• <tr id="yyy80"></tr>
  • <sup id="yyy80"></sup>
  • <tfoot id="yyy80"><noscript id="yyy80"></noscript></tfoot>
  • 99热精品在线国产_美女午夜性视频免费_国产精品国产高清国产av_av欧美777_自拍偷自拍亚洲精品老妇_亚洲熟女精品中文字幕_www日本黄色视频网_国产精品野战在线观看 ?

    Prediction of COVID-19 Con rmed Cases Using Gradient Boosting Regression Method

    2021-12-14 03:49:02AbduGumaeiMabrookAlRakhamiMohamadMahmoudAlRahhalFahadRaddahAlbogamyEslamAlMaghayrehandHussainAlSalman
    Computers Materials&Continua 2021年1期

    Abdu Gumaei,Mabrook Al-Rakhami,Mohamad Mahmoud Al Rahhal,Fahad Raddah H.Albogamy,Eslam Al Maghayreh and Hussain AlSalman

    1College of Computer and Information Sciences,King Saud University,Riyadh,11362,Saudi Arabia

    2Computer Science Department,Faculty of Applied Science,Taiz University,Taiz,Yemen

    3College of Applied Computer Sciences,King Saud University,Riyadh,11362,Saudi Arabia

    Abstract:The fast spread of coronavirus disease(COVID-19)caused by SARSCoV-2 has become a pandemic and a serious threat to the world.As of May 30,2020,this disease had infected more than 6 million people globally,with hundreds of thousands of deaths.Therefore,there is an urgent need to predict confirmed cases so as to analyze the impact of COVID-19 and practice readiness in healthcare systems.This study uses gradient boosting regression(GBR)to build a trained model to predict the daily total confirmed cases of COVID-19.The GBR method can minimize the loss function of the training process and create a single strong learner from weak learners.Experiments are conducted on a dataset of daily confirmed COVID-19 cases from January 22,2020,to May 30,2020.The results are evaluated on a set of evaluation performance measures using 10-fold cross-validation to demonstrate the effectiveness of the GBR method.The results reveal that the GBR model achieves 0.00686 root mean square error,the lowest among several comparative models.

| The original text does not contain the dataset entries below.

(* Let $1<\alpha<2$ and let $\{G(n)\}$ be a sequence of random intersection graphs satisfying conditions (A) and (PL) with this $\alpha$. Suppose that for some $\beta>\alpha-1$ we have $m=\Omega(n^\beta)$. Then there is a constant $\delta>0$ such that $\omega'(G(n))\le n^{1-\alpha/2-\delta}$ with probability tending to $1$.
   Context: Random intersection graph: given positive integers $n,m$ and a probability measure $P$ on $\{0,\dots,m\}$, $G(n,m,P)$ has vertex set $V=[n]$ and attribute set $W=\{w_1,\dots,w_m\}$; independent random subsets $S_1,\dots,S_n\subseteq W$ with $\mathbb P(S_v=S)=P(|S|)/\binom{m}{|S|}$; distinct $u,v$ adjacent iff $S_u\cap S_v\ne\emptyset$. For a sequence $G(n)=G(n,m(n),P(n))$ with $m(n)\to\infty$, $X(n)$ has law $P(n)$ and $Y(n)=(n/m)^{1/2}X(n)$. Condition (A): $\mathbb E\,Y(n)=O(1)$. Condition (PL): there are a slowly varying $L$ and $\varepsilon_0\in(0,1/2)$ such that for every sequence $x_n$ with $n^{1/2-\varepsilon_0}\le x_n\le n^{1/2+\varepsilon_0}$, $\mathbb P(Y(n)\ge x_n)\sim L(x_n)x_n^{-\alpha}$. $\omega'(G(n))=\max_{w\in W}|\{v: w\in S_v\}|$. *)

theory Defs
  imports "HOL-Probability.Probability" "HOL-Library.Landau_Symbols"
begin

text \<open>Attribute set W = {0..<m}; vertex set V = {0..<n}.
  Random attribute set of one vertex: P(S_v = S) = P(|S|) / (m choose |S|).\<close>
definition attr_set_pmf :: "nat \<Rightarrow> nat pmf \<Rightarrow> nat set pmf" where
  "attr_set_pmf m P = bind_pmf P (\<lambda>k. pmf_of_set {S. S \<subseteq> {..<m} \<and> card S = k})"

definition rig_pmf :: "nat \<Rightarrow> nat \<Rightarrow> nat pmf \<Rightarrow> (nat \<Rightarrow> nat set) pmf" where
  "rig_pmf n m P = Pi_pmf {..<n} {} (\<lambda>_. attr_set_pmf m P)"

definition omega' :: "nat \<Rightarrow> nat \<Rightarrow> (nat \<Rightarrow> nat set) \<Rightarrow> nat" where
  "omega' n m S = Max ((\<lambda>w. card {v \<in> {..<n}. w \<in> S v}) ` {..<m})"

definition slowly_varying :: "(real \<Rightarrow> real) \<Rightarrow> bool" where
  "slowly_varying L \<longleftrightarrow> L \<in> borel_measurable borel \<and>
     (\<forall>\<^sub>F x in at_top. L x > 0) \<and>
     (\<forall>c>0. ((\<lambda>x. L (c * x) / L x) \<longlongrightarrow> 1) at_top)"

text \<open>Y(n) = (n/m)^(1/2) X(n), X(n) ~ P(n).\<close>
definition Y_scale :: "nat \<Rightarrow> nat \<Rightarrow> real" where
  "Y_scale n m = sqrt (real n / real m)"

definition condition_A :: "(nat \<Rightarrow> nat) \<Rightarrow> (nat \<Rightarrow> nat pmf) \<Rightarrow> bool" where
  "condition_A m P \<longleftrightarrow>
     (\<lambda>n. measure_pmf.expectation (P n) (\<lambda>k. Y_scale n (m n) * real k)) \<in> O(\<lambda>_. 1)"

definition condition_PL :: "real \<Rightarrow> (nat \<Rightarrow> nat) \<Rightarrow> (nat \<Rightarrow> nat pmf) \<Rightarrow> bool" where
  "condition_PL \<alpha> m P \<longleftrightarrow>
     (\<exists>L \<epsilon>0. slowly_varying L \<and> 0 < \<epsilon>0 \<and> \<epsilon>0 < 1/2 \<and>
        (\<forall>x :: nat \<Rightarrow> real.
           (\<forall>n. real n powr (1/2 - \<epsilon>0) \<le> x n \<and> x n \<le> real n powr (1/2 + \<epsilon>0)) \<longrightarrow>
           (\<lambda>n. measure_pmf.prob (P n) {k. Y_scale n (m n) * real k \<ge> x n})
             \<sim>[sequentially] (\<lambda>n. L (x n) * x n powr (- \<alpha>))))"

end

theory Submission
  imports Defs
begin

text \<open>First moment method. If \<open>\<omega>' > x\<close>, some attribute is chosen by a set of
  \<open>t = \<lfloor>x\<rfloor> + 1\<close> vertices. A fixed attribute lies in \<open>S v\<close> with probability \<open>E X / m\<close>,
  independently in \<open>v\<close>, so this has probability at most
  \<open>m (n choose t) (E X / m)^t \<le> m (e Y sqrt n / (t sqrt m))^t\<close> with \<open>Y = sqrt (n/m) E X\<close>
  bounded by (A). For \<open>t \<ge> 2\<close> the right-hand side decreases in \<open>m\<close>, so \<open>m \<ge> C n^\<beta>\<close> and
  \<open>t \<ge> n^\<gamma>\<close> bound it by \<open>C n^\<beta> (K n^(1/2 - \<beta>/2 - \<gamma>))^t\<close>, which tends to 0 once
  \<open>\<gamma> > (1 - \<beta>)/2\<close>. As \<open>\<beta> > \<alpha> - 1\<close>, this holds for \<open>\<gamma> = 1 - \<alpha>/2 - \<delta>\<close> with small \<open>\<delta>\<close>.\<close>

lemma card_subsets_containing:
  assumes "finite A" "w \<in> A"
  shows "card {S. S \<subseteq> A \<and> card S = Suc k \<and> w \<in> S} = (card A - 1) choose k"
proof -
  have "{S. S \<subseteq> A \<and> card S = Suc k \<and> w \<in> S} = insert w ` {T. T \<subseteq> A - {w} \<and> card T = k}"
  proof (intro equalityI subsetI)
    fix S assume S: "S \<in> {S. S \<subseteq> A \<and> card S = Suc k \<and> w \<in> S}"
    then have "S - {w} \<in> {T. T \<subseteq> A - {w} \<and> card T = k}" by auto
    moreover have "S = insert w (S - {w})" using S by auto
    ultimately show "S \<in> insert w ` {T. T \<subseteq> A - {w} \<and> card T = k}" by blast
  next
    fix S assume "S \<in> insert w ` {T. T \<subseteq> A - {w} \<and> card T = k}"
    then obtain T where "T \<subseteq> A - {w}" "card T = k" "S = insert w T" by auto
    moreover have "finite T" "w \<notin> T" using \<open>T \<subseteq> A - {w}\<close> assms(1) finite_subset by blast+
    ultimately show "S \<in> {S. S \<subseteq> A \<and> card S = Suc k \<and> w \<in> S}" using assms(2) by auto
  qed
  moreover have "inj_on (insert w) {T. T \<subseteq> A - {w} \<and> card T = k}"
    by (rule inj_onI) blast
  ultimately show ?thesis
    using n_subsets[of "A - {w}" k] assms by (simp add: card_image)
qed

    Keywords:COVID-19;coronavirus disease;SARS-CoV-2;machine learning;gradient boosting regression(GBR)method

    1 Introduction

    At the end of December 2019,patients with clinical symptoms similar to those of the common cold and pneumonia were reported in Wuhan city,China.Chinese scientists detected that the cause of this pneumonia was a novel coronavirus[1].The most common clinical features of the disease are cough,fever,and difficulty in breathing.More severe symptoms in some cases can include lung damage,severe acute respiratory syndrome(SARS),breathing failure,and kidney failure,possibly causing death[2].Coronavirus disease 2019(COVID-19)was named by the World Health Organization(WHO)on February 11,2020[3].The International Committee on Taxonomy of Viruses(ICTV)refers to COVID-19 as severe acute respiratory syndrome coronavirus 2(SARS-CoV-2)[3].

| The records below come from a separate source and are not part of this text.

(* Let $a\in A^\pm_{p|q}$ be homogeneous of degree $g\in\mathbb{Z}^n$ with respect to the $\mathbb{Z}^n$-grading. If $a^\ast a=0$, then $a=0$.
   Context: $\Bbbk$ is an algebraically closed field of characteristic $0$. Fix integers $p,q\ge 0$, put $n=p+q$, and fix a sign $\pm\in\{+,-\}$. Set $p(i)=0$ for $1\le i\le p$ and $p(i)=1$ for $p<i\le n$. The Clifford/Weyl superalgebra $A^\pm_{p|q}$ is the associative unital superalgebra over $\Bbbk$ generated by $x_i,\partial_i$ ($1\le i\le n$), where $x_i,\partial_i$ have parity $p(i)$, subject to the relations $[\partial_i,x_j]_\pm=\delta_{ij}$, $[x_i,x_j]_\pm=0$, $[\partial_i,\partial_j]_\pm=0$ for all $i,j$, where for homogeneous $a,b$ one sets $[a,b]_\pm=ab\pm(-1)^{p(a)p(b)}ba$. $A^\pm_{p|q}$ is $\mathbb{Z}^n$-graded by $\deg x_i=\mathbf{e}_i$, $\deg\partial_i=-\mathbf{e}_i$. The map $\ast$ is the unique $\Bbbk$-linear map $A^\pm_{p|q}\to A^\pm_{p|q}$ with $(ab)^\ast=b^\ast a^\ast$, $(a^\ast)^\ast=a$, $x_i^\ast=\partial_i$, $\partial_i^\ast=x_i$. *)

theory Defs
  imports "HOL-Computational_Algebra.Polynomial"
begin

text \<open>Generators x_i (X i) and partial_i (D i), indices 1..n.
 The free associative algebra k<gens> is modelled by coefficient functions
 on words (lists of generators); elements of the free algebra are those with
 finite support.\<close>

datatype gen = X nat | D nat

type_synonym 'k fa = "gen list \<Rightarrow> 'k"

definition alg_closed :: "'k::field itself \<Rightarrow> bool" where
  "alg_closed _ \<longleftrightarrow> (\<forall>P::'k poly. degree P > 0 \<longrightarrow> (\<exists>z. poly P z = 0))"

definition fa_finite :: "'k::zero fa \<Rightarrow> bool" where
  "fa_finite f \<longleftrightarrow> finite {w. f w \<noteq> 0}"

definition fa_mult :: "'k::comm_ring_1 fa \<Rightarrow> 'k fa \<Rightarrow> 'k fa" where
  "fa_mult f g = (\<lambda>w. \<Sum>k\<le>length w. f (take k w) * g (drop k w))"

definition fa_mono :: "gen list \<Rightarrow> 'k::comm_ring_1 fa" where
  "fa_mono u = (\<lambda>w. if w = u then 1 else 0)"

definition fa_add :: "'k::comm_ring_1 fa \<Rightarrow> 'k fa \<Rightarrow> 'k fa" where
  "fa_add f g = (\<lambda>w. f w + g w)"

definition fa_smult :: "'k::comm_ring_1 \<Rightarrow> 'k fa \<Rightarrow> 'k fa" where
  "fa_smult c f = (\<lambda>w. c * f w)"

definition fa_diff :: "'k::comm_ring_1 fa \<Rightarrow> 'k fa \<Rightarrow> 'k fa" where
  "fa_diff f g = (\<lambda>w. f w - g w)"

definition par :: "nat \<Rightarrow> nat \<Rightarrow> nat" where
  "par p i = (if i \<le> p then 0 else 1)"

text \<open>Sign in the bracket [a,b]_\<pm> = ab \<pm> (-1)^(p(a)p(b)) ba; pl = True means +.\<close>
definition brsign :: "bool \<Rightarrow> nat \<Rightarrow> nat \<Rightarrow> nat \<Rightarrow> 'k::comm_ring_1" where
  "brsign pl p i j = (if pl then 1 else -1) * (-1) ^ (par p i * par p j)"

    The coronavirus(CoV)family includes the Middle East respiratory syndrome coronavirus(MERSCoV)and SARS and can cause symptoms with severity ranging down to those of the common cold[4].Published studies have shown that MERS-CoV and SARS-CoV infections,respectively,spread from dromedary camels and civet cats to humans.CoVs can be transmitted between humans and several animals,such as cattle,cats,camels,and bats[5].Animal CoVs,such as MERS-CoV,it is noted that it can hardly to be transmitted to humans and then spread between humans[6].Compared to SARS-CoV and MERS-CoV,SARS-CoV-2 spreads easily and has a low mortality rate[7].

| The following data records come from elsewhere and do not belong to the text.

(* The nearness hypothesis makes the best numerator for each denominator unique, so the least
   denominator that does at least as well as q is itself a best approximation. *)
lemma best_approx_dominates:
  fixes f :: "real^'n \<Rightarrow> real"
  assumes "1 \<le> q"
    and near: "\<And>x. f x \<le> f (real q *\<^sub>R \<alpha> - int_vec b) \<Longrightarrow> norm x < 1/2"
  obtains q' b' where "best_approx f \<alpha> q' b'" and "q' \<le> q"
    and "f (real q' *\<^sub>R \<alpha> - int_vec b') \<le> f (real q *\<^sub>R \<alpha> - int_vec b)"
proof -
  define rival where
    "rival q' \<longleftrightarrow>
      1 \<le> q' \<and> (\<exists>b'. f (real q' *\<^sub>R \<alpha> - int_vec b') \<le> f (real q *\<^sub>R \<alpha> - int_vec b))"
    for q'
  have "rival q" using assms(1) by (auto simp: rival_def)
  then obtain q0 where "rival q0" and least: "\<And>m. m < q0 \<Longrightarrow> \<not> rival m"
    using exists_least_iff[of rival] by blast
  then obtain b0 where "1 \<le> q0"
    and b0: "f (real q0 *\<^sub>R \<alpha> - int_vec b0) \<le> f (real q *\<^sub>R \<alpha> - int_vec b)"
    by (auto simp: rival_def)
  have "q0 \<le> q"
    using least[of q] \<open>rival q\<close> by linarith
  have "f (real q0 *\<^sub>R \<alpha> - int_vec b0) < f (real q0 *\<^sub>R \<alpha> - int_vec b')" if "b' \<noteq> b0" for b'
  proof (rule ccontr)
    assume "\<not> ?thesis"
    then have "norm (real q0 *\<^sub>R \<alpha> - int_vec b') < 1/2"
      using near b0 by simp
    moreover have "norm (real q0 *\<^sub>R \<alpha> - int_vec b0) < 1/2"
      using near b0 by simp
    ultimately show False
      using int_vec_eq_if_near that by blast
  qed
  moreover have "f (real q0 *\<^sub>R \<alpha> - int_vec b0) < f (real q' *\<^sub>R \<alpha> - int_vec b')"
    if "1 \<le> q'" and "q' \<le> q0 - 1" for q' b'
  proof -
    have "\<not> rival q'"
      using least[of q'] that \<open>1 \<le> q0\<close> by linarith
    then have "f (real q *\<^sub>R \<alpha> - int_vec b) < f (real q' *\<^sub>R \<alpha> - int_vec b')"
      using that(1) unfolding rival_def by (simp add: not_le)
    with b0 show ?thesis by linarith
  qed
  ultimately have "best_approx f \<alpha> q0 b0"
    using \<open>1 \<le> q0\<close> unfolding best_approx_def by blast
  with \<open>q0 \<le> q\<close> b0 show thesis
    using that by blast
qed

lemma nat_power_bracket:
  fixes P N :: nat
  assumes "0 < N" and "0 < P"
  obtains m where "m ^ N < P" and "P \<le> Suc m ^ N"
proof -
  define m where "m = (LEAST m. P \<le> Suc m ^ N)"
  have "P \<le> Suc P ^ N"
    using self_le_power[of "Suc P" N] assms by simp
  then have "P \<le> Suc m ^ N"
    unfolding m_def by (rule LeastI)
  moreover have "m ^ N < P"
  proof (cases m)
    case 0
    then show ?thesis using assms by (simp add: zero_power)
  next
    case (Suc k)
    then have "\<not> P \<le> Suc k ^ N"
      using not_less_Least[of k "\<lambda>m. P \<le> Suc m ^ N"] unfolding m_def by simp
    then show ?thesis using Suc by simp
  qed
  ultimately show thesis using that by blast
qed

lemma parity_collision:
  fixes p :: "nat \<Rightarrow> nat" and a :: "nat \<Rightarrow> int^'n"
  obtains l k where "\<nu> \<le> l" and "l < k" and "k \<le> \<nu> + 2 * 2 ^ CARD('n)"
    and "p k mod 2 = p l mod 2" and "\<And>i. a k $ i mod 2 = a l $ i mod 2"
proof -
  define parity where "parity k = (p k mod 2, \<lambda>i. a k $ i mod 2)" for k
  define K where "K = {\<nu>..\<nu> + 2 * 2 ^ CARD('n)}"
  have "parity ` K \<subseteq> {0, 1} \<times> PiE UNIV (\<lambda>_. {0, 1})"
    by (auto simp: parity_def PiE_def)
  then have "card (parity ` K) \<le> card ({0::nat, 1} \<times> PiE (UNIV :: 'n set) (\<lambda>_. {0::int, 1}))"
    by (intro card_mono) (auto simp: finite_PiE)
  also have "\<dots> = 2 * 2 ^ CARD('n)"
    by (simp add: card_cartesian_product card_PiE flip: numeral_2_eq_2)
  finally have "card (parity ` K) < card K"
    by (simp add: K_def)
  then obtain l k where "l \<in> K" "k \<in> K" "l < k" "parity l = parity k"
    using pigeonhole unfolding inj_on_def by (metis linorder_neqE_nat)
  moreover from \<open>parity l = parity k\<close>
  have "p k mod 2 = p l mod 2" "a k $ i mod 2 = a l $ i mod 2" for i
    unfolding parity_def by (metis prod.inject)+
  ultimately show thesis
    using that[of l k] unfolding K_def by auto
qed

locale best_approx_sequence =
  fixes f :: "real^'n \<Rightarrow> real" and \<alpha> :: "real^'n"
    and p :: "nat \<Rightarrow> nat" and a :: "nat \<Rightarrow> int^'n"
  assumes norm_fun: "is_norm_fun f"
    and increasing: "\<forall>\<nu>\<ge>1. p \<nu> < p (Suc \<nu>)"
    and enumerates: "\<forall>q b. best_approx f \<alpha> q b \<longleftrightarrow> (\<exists>\<nu>\<ge>1. q = p \<nu> \<and> b = a \<nu>)"
begin

abbreviation \<xi> :: "nat \<Rightarrow> real^'n" where
  "\<xi> \<nu> \<equiv> real (p \<nu>) *\<^sub>R \<alpha> - int_vec (a \<nu>)"

lemma best_approx_seq: "1 \<le> \<nu> \<Longrightarrow> best_approx f \<alpha> (p \<nu>) (a \<nu>)"
  using enumerates by blast

lemma p_pos: "1 \<le> \<nu> \<Longrightarrow> 1 \<le> p \<nu>"
  using best_approx_seq unfolding best_approx_def by blast

lemma p_less:
  assumes "1 \<le> l" and "l < k"
  shows "p l < p k"
proof -
  have "p (Suc i) < p (Suc (Suc i))" for i
    using increasing by simp
  then have "p (Suc (l - 1)) < p (Suc (k - 1))"
    by (rule lift_Suc_mono_less) (use assms in linarith)
  with assms show ?thesis by simp
qed

lemma p_le:
  assumes "1 \<le> l" and "l \<le> k"
  shows "p l \<le> p k"
proof (cases "l = k")
  case False
  with assms have "p l < p k" by (intro p_less) simp_all
  then show ?thesis by simp
qed simp

lemma error_less:
  assumes "1 \<le> l" and "l < k"
  shows "f (\<xi> k) < f (\<xi> l)"
proof -
  have "\<forall>q b. 1 \<le> q \<and> q \<le> p k - 1 \<longrightarrow> f (\<xi> k) < f (real q *\<^sub>R \<alpha> - int_vec b)"
    using best_approx_seq[of k] assms unfolding best_approx_def by simp
  moreover have "1 \<le> p l \<and> p l \<le> p k - 1"
    using p_less[OF assms] p_pos[OF assms(1)] by linarith
  ultimately show ?thesis by blast
qed

lemma error_le:
  assumes "1 \<le> l" and "l \<le> k"
  shows "f (\<xi> k) \<le> f (\<xi> l)"
proof (cases "l = k")
  case False
  with assms have "f (\<xi> k) < f (\<xi> l)" by (intro error_less) simp_all
  then show ?thesis by simp
qed simp

lemma error_less_if_near_before:
  assumes "1 \<le> \<mu>" and "1 \<le> q" and "q < p \<mu>"
    and "\<And>x. f x \<le> f (real q *\<^sub>R \<alpha> - int_vec b) \<Longrightarrow> norm x < 1/2"
  shows "f (\<xi> \<mu>) < f (real q *\<^sub>R \<alpha> - int_vec b)"
proof -
  obtain q' b' where "best_approx f \<alpha> q' b'" "q' \<le> q"
    and le: "f (real q' *\<^sub>R \<alpha> - int_vec b') \<le> f (real q *\<^sub>R \<alpha> - int_vec b)"
    using best_approx_dominates assms(2,4) by blast
  then obtain \<nu> where "1 \<le> \<nu>" "q' = p \<nu>" "b' = a \<nu>"
    using enumerates by blast
  moreover have "\<nu> < \<mu>"
  proof (rule ccontr)
    assume "\<not> \<nu> < \<mu>"
    then have "p \<mu> \<le> p \<nu>"
      using p_le assms(1) by simp
    then show False
      using \<open>q' = p \<nu>\<close> \<open>q' \<le> q\<close> assms(3) by linarith
  qed
  ultimately show ?thesis
    using error_less[of \<nu> \<mu>] le by simp
qed

lemma p_triples_if_same_parity:
  assumes "1 \<le> l" and "l < k"
    and "p k mod 2 = p l mod 2" and "\<And>i. a k $ i mod 2 = a l $ i mod 2"
  shows "3 * p l \<le> p k"
proof -
  have "p l < p k"
    using p_less assms(1,2) by simp
  with assms(3) obtain q where q: "p k = p l + 2 * q"
    by (metis dvd_def le_add_diff_inverse less_imp_le mod_eq_dvd_iff_nat)
  with \<open>p l < p k\<close> have "1 \<le> q" by simp
  define b :: "int^'n" where "b = (\<chi> i. (a k $ i - a l $ i) div 2)"
  have "2 dvd (a k $ i - a l $ i)" for i
    using assms(4) by (simp add: mod_eq_dvd_iff)
  then have mid: "real q *\<^sub>R \<alpha> - int_vec b = (1/2) *\<^sub>R (\<xi> k + - \<xi> l)"
    by (simp add: vec_eq_iff int_vec_def b_def q real_of_int_div field_simps)
  have "f (real q *\<^sub>R \<alpha> - int_vec b) = 1/2 * f (\<xi> k + - \<xi> l)"
    unfolding mid by (rule is_norm_funD(4)[OF norm_fun]) simp
  also have "\<dots> \<le> 1/2 * (f (\<xi> k) + f (\<xi> l))"
    using norm_fun_triangle[OF norm_fun, of "\<xi> k" "- \<xi> l"]
    unfolding is_norm_funD(3)[OF norm_fun] by simp
  also have "\<dots> < f (\<xi> l)"
    using error_less[OF assms(1,2)] by simp
  finally have "f (real q *\<^sub>R \<alpha> - int_vec b) < f (\<xi> l)" .
  moreover have "\<forall>q b. 1 \<le> q \<and> q \<le> p l - 1 \<longrightarrow> f (\<xi> l) < f (real q *\<^sub>R \<alpha> - int_vec b)"
    using best_approx_seq[OF assms(1)] unfolding best_approx_def by blast
  ultimately have "\<not> q \<le> p l - 1"
    using \<open>1 \<le> q\<close> by (meson less_asym)
  with q show ?thesis by linarith
qed

lemma p_doubles:
  assumes "1 \<le> \<nu>"
  shows "2 * p \<nu> \<le> p (\<nu> + 2 * 2 ^ CARD('n))"
proof -
  obtain l k where "\<nu> \<le> l" "l < k" "k \<le> \<nu> + 2 * 2 ^ CARD('n)"
    and "p k mod 2 = p l mod 2" "\<And>i. a k $ i mod 2 = a l $ i mod 2"
    using parity_collision by blast
  with assms have "3 * p l \<le> p k" and "p \<nu> \<le> p l" and "p k \<le> p (\<nu> + 2 * 2 ^ CARD('n))"
    by (auto intro: p_triples_if_same_parity p_le)
  then show ?thesis by linarith
qed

    On May 30,2020,the WHO reported that COVID-19 had infected more than 6 million people in 213 countries and territories,with 369,126 fatalities since the cases were officially registered in January[6].COVID-19 has become a serious worldwide problem,especially in the United States,Brazil,Russia,Spain,the United Kingdom,India,and Italy[8].Since the disease has no specific treatment and it spreads rapidly,it is crucial to prepare healthcare services for future cases[9].

    Machine learning and approximation algorithms have been used to solve problems in areas such as healthcare[10],industry[11],cloud computing[12,13],human activity recognition[14],and brain tumor classification[15].Machine learning models are certainly useful to forecast future cases to take control of this global pandemic[16–18].

    Few studies have used statistical models and artificial intelligence(AI)methods to predict coronavirus cases.The autoregressive integrated moving average(ARIMA)was used to forecast the spread of SARSCoV-2[18].An AI framework to predict the clinical severity of coronavirus was proposed in[19].A simple and powerful method was proposed to predict the continuation of COVID-19[20].However,to develop an effective model to predict future confirmed cases of COVID-19 in the world in different time periods is a challenging issue that needs a solution.

    We aim to develop an effective model using a gradient boosting regression(GBR)algorithm to predict daily total confirmed cases and enhance the readiness of healthcare systems.

    The rest of the paper is organized as follows.Section 2 explains the materials and methods,including a COVID-19 data sample,the GBR method,and performance evaluation measures.Section 3 describes our experiments and their results.Section 4 provides our conclusions and suggestions for future work.

    2 Materials and Methods

    We describe the dataset used to evaluate the work,our computational method,and performance evaluation measures.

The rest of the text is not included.